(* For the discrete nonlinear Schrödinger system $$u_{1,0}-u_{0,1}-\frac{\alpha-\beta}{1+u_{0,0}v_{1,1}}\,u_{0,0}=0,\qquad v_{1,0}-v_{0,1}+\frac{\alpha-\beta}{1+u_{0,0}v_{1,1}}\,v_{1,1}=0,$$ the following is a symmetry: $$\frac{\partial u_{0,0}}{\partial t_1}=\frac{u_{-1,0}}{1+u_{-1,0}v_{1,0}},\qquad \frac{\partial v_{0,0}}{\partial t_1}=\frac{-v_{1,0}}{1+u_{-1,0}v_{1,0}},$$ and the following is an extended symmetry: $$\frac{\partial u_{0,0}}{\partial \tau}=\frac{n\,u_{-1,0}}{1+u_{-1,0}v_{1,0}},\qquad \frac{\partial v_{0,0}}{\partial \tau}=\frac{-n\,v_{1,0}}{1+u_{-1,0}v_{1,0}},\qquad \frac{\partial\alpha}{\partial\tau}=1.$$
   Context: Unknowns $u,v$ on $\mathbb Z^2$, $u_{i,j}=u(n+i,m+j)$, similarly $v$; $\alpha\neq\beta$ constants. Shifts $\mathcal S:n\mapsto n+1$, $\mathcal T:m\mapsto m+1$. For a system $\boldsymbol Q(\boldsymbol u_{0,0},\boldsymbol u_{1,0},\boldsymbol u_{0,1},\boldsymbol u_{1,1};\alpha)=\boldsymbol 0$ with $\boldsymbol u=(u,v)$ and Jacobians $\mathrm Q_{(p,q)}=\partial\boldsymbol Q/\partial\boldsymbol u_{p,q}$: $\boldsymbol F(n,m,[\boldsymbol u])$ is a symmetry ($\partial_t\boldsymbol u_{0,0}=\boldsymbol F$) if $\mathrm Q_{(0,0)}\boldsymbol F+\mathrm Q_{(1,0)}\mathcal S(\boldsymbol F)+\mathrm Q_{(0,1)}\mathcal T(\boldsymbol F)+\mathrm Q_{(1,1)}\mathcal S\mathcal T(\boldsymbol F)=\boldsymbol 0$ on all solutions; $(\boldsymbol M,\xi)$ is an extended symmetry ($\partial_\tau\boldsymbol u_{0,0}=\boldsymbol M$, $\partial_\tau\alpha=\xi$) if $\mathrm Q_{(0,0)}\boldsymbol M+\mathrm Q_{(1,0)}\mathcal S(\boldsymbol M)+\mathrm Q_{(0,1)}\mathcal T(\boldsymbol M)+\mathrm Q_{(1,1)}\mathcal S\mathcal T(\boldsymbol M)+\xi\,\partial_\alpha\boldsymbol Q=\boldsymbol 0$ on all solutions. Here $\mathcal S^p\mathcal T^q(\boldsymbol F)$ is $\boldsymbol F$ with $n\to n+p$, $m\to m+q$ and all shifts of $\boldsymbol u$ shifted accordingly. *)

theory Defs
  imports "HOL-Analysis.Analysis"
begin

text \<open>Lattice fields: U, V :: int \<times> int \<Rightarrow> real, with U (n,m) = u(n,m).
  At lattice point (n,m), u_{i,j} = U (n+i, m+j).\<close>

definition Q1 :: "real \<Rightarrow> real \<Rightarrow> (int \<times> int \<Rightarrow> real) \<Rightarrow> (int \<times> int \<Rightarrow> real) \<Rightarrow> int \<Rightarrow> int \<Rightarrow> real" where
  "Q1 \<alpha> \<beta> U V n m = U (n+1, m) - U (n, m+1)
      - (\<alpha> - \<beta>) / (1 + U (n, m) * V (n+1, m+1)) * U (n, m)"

...

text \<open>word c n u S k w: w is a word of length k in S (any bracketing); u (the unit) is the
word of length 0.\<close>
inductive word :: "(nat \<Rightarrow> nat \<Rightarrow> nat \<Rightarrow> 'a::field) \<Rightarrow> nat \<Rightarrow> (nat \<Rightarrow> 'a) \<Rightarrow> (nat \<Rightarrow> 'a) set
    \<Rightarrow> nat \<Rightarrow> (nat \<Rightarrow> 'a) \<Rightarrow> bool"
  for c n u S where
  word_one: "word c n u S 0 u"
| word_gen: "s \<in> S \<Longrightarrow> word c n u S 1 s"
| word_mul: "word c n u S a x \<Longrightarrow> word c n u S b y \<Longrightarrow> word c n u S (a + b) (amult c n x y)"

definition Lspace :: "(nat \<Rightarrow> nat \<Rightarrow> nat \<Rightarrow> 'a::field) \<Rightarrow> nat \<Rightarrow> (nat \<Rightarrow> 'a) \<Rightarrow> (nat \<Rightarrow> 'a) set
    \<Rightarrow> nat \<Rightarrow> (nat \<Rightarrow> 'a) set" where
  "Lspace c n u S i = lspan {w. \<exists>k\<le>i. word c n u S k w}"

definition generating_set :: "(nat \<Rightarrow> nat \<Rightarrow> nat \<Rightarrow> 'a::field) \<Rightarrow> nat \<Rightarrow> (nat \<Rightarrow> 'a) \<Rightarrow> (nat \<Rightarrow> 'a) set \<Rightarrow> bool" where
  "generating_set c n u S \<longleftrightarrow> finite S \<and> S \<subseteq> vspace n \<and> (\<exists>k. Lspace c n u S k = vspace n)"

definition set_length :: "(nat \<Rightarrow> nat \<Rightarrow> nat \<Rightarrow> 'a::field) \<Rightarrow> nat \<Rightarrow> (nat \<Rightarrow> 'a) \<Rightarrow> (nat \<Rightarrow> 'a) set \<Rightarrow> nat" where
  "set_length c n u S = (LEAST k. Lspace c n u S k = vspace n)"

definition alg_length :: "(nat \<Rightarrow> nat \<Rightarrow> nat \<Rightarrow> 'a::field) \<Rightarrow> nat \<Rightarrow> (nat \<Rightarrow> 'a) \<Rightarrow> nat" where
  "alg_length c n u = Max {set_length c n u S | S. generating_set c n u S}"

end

How to complete this task →
What is the number of lines in the data that include "word"? Answer with that number alone.

Output for this task →
7